I am not a romance reader, and double that for paranormal romance.
But, The Iron Duke. Damn, I love that book. Really, if you're over 18 and O.K. with thrusting and heaving, you should totally read it.
So, I thought, maybe, possibly, that I haven't been fair to the genre. That I had dismissed it out of hand. And, I wanted to read more of Meljean Brook's work.
Enter Hot Spell and Burning Up -- two novella compilations that include Brook and some other authors.
I read both of them, and I have come to a conclusion.
I am still not a paranormal romance reader. But, I tried to evaluate these stories on their merits.
The Countess's Pleasure by Emma Holly. Of the stories that I read, this was the best written. A widowed countess engages a "demon" as a consort and the two fall in love. I liked the steam-punky Indo-British setting, I liked that Georgiana (the countess) was seeking to become her own person. The clash of cultures and philosophies was interesting.
Would I read more by this author in this series: Maybe. A quick Google tells me that the others in the series have more of that retro-Victorian sci-fi vibe, and l find that interesting.
The Breed Next Door by Lora Leigh. A genetically engineered feline-man hybrid moves in next door to a "spitfire." The two discover they are genetically destined to be mates and have lots and lots of sex. There's something in here about bounty hunters, but it's an afterthought. This novella is all about the banging. However, the way the sex was described was really unappealing and sexist.

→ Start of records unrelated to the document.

(* Fix $\xi\in[0,0.13]$ and let $y_i\in[\cos(2\pi/9),1)$ for all $i\in\{2,3,5,6\}$. Then for any $j\in\{2,3,5,6\}$ with $y_j,y_{j'}\le\cos(2\pi/10)$, one has $$\frac{\partial\psi_\xi}{\partial y_j}(\delta,y_2,y_3,y_5,y_6)\ge0\quad\text{and}\quad\frac{\partial\psi_\xi}{\partial y_{j'}}(\delta,y_2,y_3,y_5,y_6)\ge0$$ for all $\delta\in[0,0.13]$.
   Context: Pairing: $2'=6$, $3'=5$, $5'=3$, $6'=2$. For $\xi\ge0$, $y\in(0,1)$: $\eta_\xi(y)=\frac{-2-5y+(1+\xi)^2+\sqrt{(2+5y-(1+\xi)^2)^2+4(2+y)(1-y)(1+\xi)^2}}{2+y}$. Let $b(y)=\frac{16}{y+1}-7$, $c_n=\cos(2\pi/n)$, $\beta(y)=b(y)$ on $[c_{10},1]$ and $\beta(y)=\frac{(2-b(c_{10}))b(y)-(2-b(c_9))b(c_{10})}{b(c_9)-b(c_{10})}$ on $[c_9,c_{10}]$. Define $$G(\delta,\eta_2,\eta_3,\eta_5,\eta_6,\beta_2,\beta_3,\beta_5,\beta_6)=\frac{1+\dfrac{\delta[(1+\eta_2)(1+\eta_5)+(1+\eta_3)(1+\eta_6)]-2\delta(\delta+2)}{(2+\eta_2+\eta_6)(2+\eta_3+\eta_5)}}{\sqrt{1+\dfrac{\delta^2+2(1+\beta_2\beta_6)\delta}{(2+\eta_2+\eta_6)^2}}\sqrt{1+\dfrac{\delta^2+2(1+\beta_3\beta_5)\delta}{(2+\eta_3+\eta_5)^2}}}$$ and $\psi_\xi(\delta,y_2,y_3,y_5,y_6)=G(\delta,\eta_\xi(y_2),\eta_\xi(y_3),\eta_\xi(y_5),\eta_\xi(y_6),\beta(y_2),\beta(y_3),\beta(y_5),\beta(y_6))$. *)

theory Defs
  imports "HOL-Analysis.Analysis"
begin

definition pairing :: "nat \<Rightarrow> nat" where
  "pairing j = (if j = 2 then 6 else if j = 3 then 5 else if j = 5 then 3 else if j = 6 then 2 else j)"

definition eta :: "real \<Rightarrow> real \<Rightarrow> real" where
  "eta \<xi> y = (-2 - 5*y + (1+\<xi>)^2
      + sqrt ((2 + 5*y - (1+\<xi>)^2)^2 + 4*(2+y)*(1-y)*(1+\<xi>)^2)) / (2+y)"

definition bfun :: "real \<Rightarrow> real" where
  "bfun y = 16 / (y+1) - 7"

definition cn :: "nat \<Rightarrow> real" where
  "cn n = cos (2*pi / real n)"

definition beta :: "real \<Rightarrow> real" where
  "beta y = (if cn 10 \<le> y then bfun y
     else ((2 - bfun (cn 10)) * bfun y - (2 - bfun (cn 9)) * bfun (cn 10))
          / (bfun (cn 9) - bfun (cn 10)))"

definition G :: "real \<Rightarrow> real \<Rightarrow> real \<Rightarrow> real \<Rightarrow> real \<Rightarrow> real \<Rightarrow> real \<Rightarrow> real \<Rightarrow> real \<Rightarrow> real" where
  "G \<delta> e2 e3 e5 e6 b2 b3 b5 b6 =
     (1 + (\<delta> * ((1+e2)*(1+e5) + (1+e3)*(1+e6)) - 2*\<delta>*(\<delta>+2)) / ((2+e2+e6)*(2+e3+e5)))
     / (sqrt (1 + (\<delta>^2 + 2*(1 + b2*b6)*\<delta>) / (2+e2+e6)^2)
        * sqrt (1 + (\<delta>^2 + 2*(1 + b3*b5)*\<delta>) / (2+e3+e5)^2))"

definition psi :: "real \<Rightarrow> real \<Rightarrow> (nat \<Rightarrow> real) \<Rightarrow> real" where
  "psi \<xi> \<delta> y = G \<delta> (eta \<xi> (y 2)) (eta \<xi> (y 3)) (eta \<xi> (y 5)) (eta \<xi> (y 6))
                       (beta (y 2)) (beta (y 3)) (beta (y 5)) (beta (y 6))"

end

theory Submission
  imports Defs
begin

(* On [cos(2 pi/9), cos(2 pi/10)] the weight beta is an increasing affine function of the
   decreasing function b(y) = 16/(y+1) - 7, and its slope in y is at most -3.5, while eta
   takes values in [0, 0.13] with slope in [-0.72, 0].  By the symmetries of G only its first slot has to be varied.
   Writing G = N / (sqrt A * sqrt C), where only the numerator N and the first radicand A
   depend on y_j, the quotient rule reduces the sign of the derivative to that of
   N' A - N A' / 2.  After factoring out delta / (2 + eta_2 + eta_6)^2 the contribution of
   beta_j is at least 0.92 * 1.8445 * 3.5 > 5.93, whereas all terms driven by eta_j are
   bounded by 0.72 * 7.997 < 5.76. *)

lemma cn9_bounds: "766/1000 \<le> cn 9 \<and> cn 9 \<le> 7661/10000"
proof -
  define c where "c = cos (2*pi/9)"
  have "cos (3 * (2*pi/9)) = 4*c^3 - 3*c"
    unfolding c_def by (rule cos_treble_cos)
  then have root: "8*c^3 - 6*c + 1 = 0"
    using cos_120 by simp
  have "cos (pi/4) < c"
    unfolding c_def by (rule cos_monotone_0_pi) (auto simp: pi_gt_zero)
  moreover have "7/5 < sqrt 2" by (rule real_less_rsqrt) (simp add: power2_eq_square)
  ultimately have c_gt: "7/10 < c" using cos_45 by simp
  have factor: "(x - c) * (8*(x*x + x*c + c*c) - 6) = 8*x^3 - 6*x + 1" and
    factor_pos: "8*(x*x + x*c + c*c) - 6 > 0" if "7/10 \<le> x" for x
  proof -
    show "(x - c) * (8*(x*x + x*c + c*c) - 6) = 8*x^3 - 6*x + 1"
      using root by (simp add: algebra_simps power3_eq_cube)
    have "x*x \<ge> 49/100" "c*c \<ge> 49/100" "x*c \<ge> 49/100"
      using that c_gt mult_mono[of "7/10" x "7/10" x] mult_mono[of "7/10" c "7/10" c]
        mult_mono[of "7/10" x "7/10" c] by auto
    then show "8*(x*x + x*c + c*c) - 6 > 0" by simp
  qed
  have below_root: "x \<le> c" if "7/10 \<le> x" "8*x^3 - 6*x + 1 \<le> 0" for x
    using factor[OF that(1)] factor_pos[OF that(1)] that(2)
      mult_pos_pos[of "x - c" "8*(x*x + x*c + c*c) - 6"] by fastforce
  have above_root: "c \<le> x" if "7/10 \<le> x" "8*x^3 - 6*x + 1 \<ge> 0" for x
    using factor[OF that(1)] factor_pos[OF that(1)] that(2)
      mult_neg_pos[of "x - c" "8*(x*x + x*c + c*c) - 6"] by fastforce
  have "766/1000 \<le> c" by (rule below_root) (simp_all add: power3_eq_cube)
  moreover have "c \<le> 7661/10000" by (rule above_root) (simp_all add: power3_eq_cube)
  ultimately show ?thesis by (simp add: cn_def c_def)
qed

Would I read more by this author in this series: No. This sucked.
Falling for Anthony by Meljean Brook. Demons, and Nosferatu, and vampires and guardians. Who are not angels. But act like them. Wha? This was a confusing mess of ideas. One thing I will say is that this story was one of the few that had a sexually experienced woman in it.
Would I read more by this author in this series: No. I love Brook's Iron Seas books, but this... is not for me.

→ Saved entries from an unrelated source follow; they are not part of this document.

(* Let $S\subset\mathbb{C}^4$ be the surface germ at $0$ parametrized by $\rho(a,t)=(a,t^3,t^4,at^5)$. Then the singular locus of $S$ is the line $\mathbb{C}\times\{(0,0,0)\}$, $S$ is Whitney regular along it, $S$ is defined (in coordinates $x,y,z,w$) by $y^4-z^3,\ yw-xz^2,\ zw-xy^3,\ x^3y^5-w^3,\ x^2y^2z-w^2$, and $S$ is not Cohen–Macaulay at the origin (the hyperplane section $S\cap\{x=0\}$ has an embedded component at $0$).
   Context: Whitney regularity along the singular locus $\mathcal{C}$: for all sequences $x_n\in S\setminus\mathcal{C}$, $y_n\in\mathcal{C}\setminus\{0\}$ converging to $0$ with secants $\overline{x_ny_n}\to l$ and tangent planes $T_{x_n}S\to T$, one has $T_0\mathcal{C}\subset T$ and $l\subset T$. *)

theory Defs
  imports "HOL-Analysis.Analysis"
begin

text \<open>Points of C^4 have coordinates x = v$1, y = v$2, z = v$3, w = v$4.\<close>

definition rho :: "complex \<Rightarrow> complex \<Rightarrow> complex^4" where
  "rho a t = vector [a, t^3, t^4, a * t^5]"

definition surfS :: "(complex^4) set" where
  "surfS = {rho a t | a t. True}"

definition singline :: "(complex^4) set" where
  "singline = {vector [a, 0, 0, 0] | a. True}"


definition clinear_map :: "(complex^'m \<Rightarrow> complex^'n) \<Rightarrow> bool" where
  "clinear_map D \<longleftrightarrow> linear D \<and> (\<forall>c v. D (c *s v) = c *s D v)"

definition csubspace :: "(complex^'n) set \<Rightarrow> bool" where
  "csubspace T \<longleftrightarrow> 0 \<in> T \<and> (\<forall>u\<in>T. \<forall>v\<in>T. u + v \<in> T) \<and> (\<forall>c. \<forall>v\<in>T. c *s v \<in> T)"

definition cline :: "complex^'n \<Rightarrow> (complex^'n) set" where
  "cline v = {c *s v | c. True}"

definition complex_chart :: "(complex^4) set \<Rightarrow> (complex^4) set \<Rightarrow> (complex^2) set \<Rightarrow>
    (complex^2 \<Rightarrow> complex^4) \<Rightarrow> bool" where
  "complex_chart S U V \<phi> \<longleftrightarrow> open U \<and> open V \<and> (\<exists>\<psi>. homeomorphism V (S \<inter> U) \<phi> \<psi>) \<and>
     (\<forall>q\<in>V. \<exists>D. (\<phi> has_derivative D) (at q) \<and> clinear_map D \<and> inj D)"

definition regular_pt :: "(complex^4) set \<Rightarrow> complex^4 \<Rightarrow> bool" where
  "regular_pt S p \<longleftrightarrow> p \<in> S \<and> (\<exists>U V \<phi>. p \<in> U \<and> complex_chart S U V \<phi>)"

definition sing_locus :: "(complex^4) set \<Rightarrow> (complex^4) set" where
  "sing_locus S = {p \<in> S. \<not> regular_pt S p}"

definition tangent_plane :: "(complex^4) set \<Rightarrow> complex^4 \<Rightarrow> (complex^4) set \<Rightarrow> bool" where
  "tangent_plane S p T \<longleftrightarrow> (\<exists>U V \<phi> q D. p \<in> U \<and> complex_chart S U V \<phi> \<and> q \<in> V \<and>
      \<phi> q = p \<and> (\<phi> has_derivative D) (at q) \<and> T = range D)"

text \<open>Convergence of subspaces T_n to a subspace T of the same dimension (in the
  Grassmannian): every vector of T is a limit of vectors of T_n.\<close>

definition subspaces_converge :: "(nat \<Rightarrow> (complex^4) set) \<Rightarrow> (complex^4) set \<Rightarrow> bool" where
  "subspaces_converge Tn T \<longleftrightarrow>
     (\<forall>v\<in>T. \<exists>vn. (\<forall>n. vn n \<in> Tn n) \<and> vn \<longlonglongrightarrow> v)"

definition whitney_regular_at0 :: "(complex^4) set \<Rightarrow> (complex^4) set \<Rightarrow> (complex^4) set \<Rightarrow> bool" where
  "whitney_regular_at0 S C TC \<longleftrightarrow>
    (\<forall>x y Tn T l.
       (\<forall>n. x n \<in> S - C \<and> y n \<in> C - {0} \<and> tangent_plane S (x n) (Tn n)) \<and>
       x \<longlonglongrightarrow> 0 \<and> y \<longlonglongrightarrow> 0 \<and>
       csubspace l \<and> dim l = 2 \<and> subspaces_converge (\<lambda>n. cline (x n - y n)) l \<and>
       csubspace T \<and> dim T = 4 \<and> subspaces_converge Tn T
       \<longrightarrow> TC \<subseteq> T \<and> l \<subseteq> T)"

inductive cpoly4 :: "(complex^4 \<Rightarrow> complex) \<Rightarrow> bool" where
  const: "cpoly4 (\<lambda>v. c)"
| coord: "cpoly4 (\<lambda>v. v $ i)"
| add: "cpoly4 f \<Longrightarrow> cpoly4 g \<Longrightarrow> cpoly4 (\<lambda>v. f v + g v)"
| mult: "cpoly4 f \<Longrightarrow> cpoly4 g \<Longrightarrow> cpoly4 (\<lambda>v. f v * g v)"

definition ideal_gen :: "(complex^4 \<Rightarrow> complex) list \<Rightarrow> (complex^4 \<Rightarrow> complex) set" where
  "ideal_gen gs = {f. \<exists>c. (\<forall>i<length gs. cpoly4 (c i)) \<and>
                        f = (\<lambda>v. \<Sum>i<length gs. c i v * (gs ! i) v)}"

The Blood Kiss by Shiloh Walker. Evil Vampires. Who fight heroic werewolves. Any story that attempts to frame kidnapping as a romantic act has an uphill battle with me.

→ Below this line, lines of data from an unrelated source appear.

(* Let $R=K[x_1,\ldots,x_n]$ be a polynomial ring over a field $K$, $I\subset R$ a monomial ideal, $\ell$ a positive integer, $v$ a square-free monomial of $R$ with $v\in I^\ell$, and $\mathfrak{p}$ a monomial prime ideal of $R$ such that, for some positive integer $s$, $\mathfrak{p}\setminus x_i\notin\mathrm{Ass}(R/(I\setminus x_i)^s)$ for every variable $x_i$ dividing $v$. If $\mathfrak{p}\in\mathrm{Ass}(R/I^s)$, then $s>\ell$.
   Context: For a monomial ideal $I\subset R$, $\mathcal{G}(I)$ denotes its unique minimal set of monomial generators. For a variable $x_i$, the deletion $I\setminus x_i$ is the monomial ideal of $R$ generated by those $u\in\mathcal{G}(I)$ with $x_i\nmid u$. For a monomial prime ideal $\mathfrak{p}$ (generated by variables), $\mathfrak{p}\setminus x_i$ is the ideal generated by the variables of $\mathfrak{p}$ other than $x_i$. *)

theory Defs
  imports Main "HOL-Library.Poly_Mapping"
begin

text \<open>The polynomial ring K[x_v : v in 'v] over a field 'k, with a finite type 'v of
  variables, is modelled as the type of finitely supported functions from exponent
  vectors ('v =>0 nat) to coefficients in 'k (library type poly_mapping, a comm_ring_1).\<close>

type_synonym ('v, 'k) mpoly = "('v \<Rightarrow>\<^sub>0 nat) \<Rightarrow>\<^sub>0 'k"

definition is_ideal :: "('v, 'k::field) mpoly set \<Rightarrow> bool" where
  "is_ideal I \<longleftrightarrow> 0 \<in> I \<and> (\<forall>a\<in>I. \<forall>b\<in>I. a + b \<in> I) \<and> (\<forall>r. \<forall>a\<in>I. r * a \<in> I)"

definition ideal_gen :: "('v, 'k::field) mpoly set \<Rightarrow> ('v, 'k) mpoly set" where
  "ideal_gen S = \<Inter> {I. is_ideal I \<and> S \<subseteq> I}"

definition is_prime_ideal :: "('v, 'k::field) mpoly set \<Rightarrow> bool" where
  "is_prime_ideal P \<longleftrightarrow> is_ideal P \<and> P \<noteq> UNIV \<and> (\<forall>a b. a * b \<in> P \<longrightarrow> a \<in> P \<or> b \<in> P)"

definition monom :: "('v \<Rightarrow>\<^sub>0 nat) \<Rightarrow> ('v, 'k::field) mpoly" where
  "monom a = Poly_Mapping.single a 1"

Would I read more by this author in this series: No. There wasn't enough new here that I want to know more about.
Whisper of Sin by Nalini Singh. Surprisingly enjoyable. I am not a were/shapeshifter fan, but this read more like a sci-fi/crime mash-up than a paranormal romance. The heroine, Ria, was spunky, and educated and willing to seek out what she wanted.
Would I read more by this author in this series: Maybe. These had more of a sci-fi vibe, and I liked that. I liked that there were women in powerful positions in the Changling universe.
Blood and Roses by Angela Knight. Heroic vampires. And the courtesans who love them. While Knight writes fairly well, this story had the most predictable arc imaginable. And it had a child in danger, which is just cheap.
Would I read more by this author in this series: No. Predictable and bland.
Shifting Sea by Virginia Kantra. Surprisingly, I liked this story more than I was expecting, because...mermaids. However, this is more of a historical fiction story, and I could totally see Major John Harris being played by Colin Firth. Would I want to read a whole novel set in this world, with these characters -- no. But it was a pleasant novella.
Would I read more by this author in this series: No. As I said above, it was pleasant, but the novella was enough.
Here Be Monsters by Meljean Brook. I loved this one. The setting of the Iron Seas has me hooked. Steampunk nanotech. I loved that Ivy was making choices and not letting things happen to her. Would I love it without reading The Iron Duke first? I'm not sure.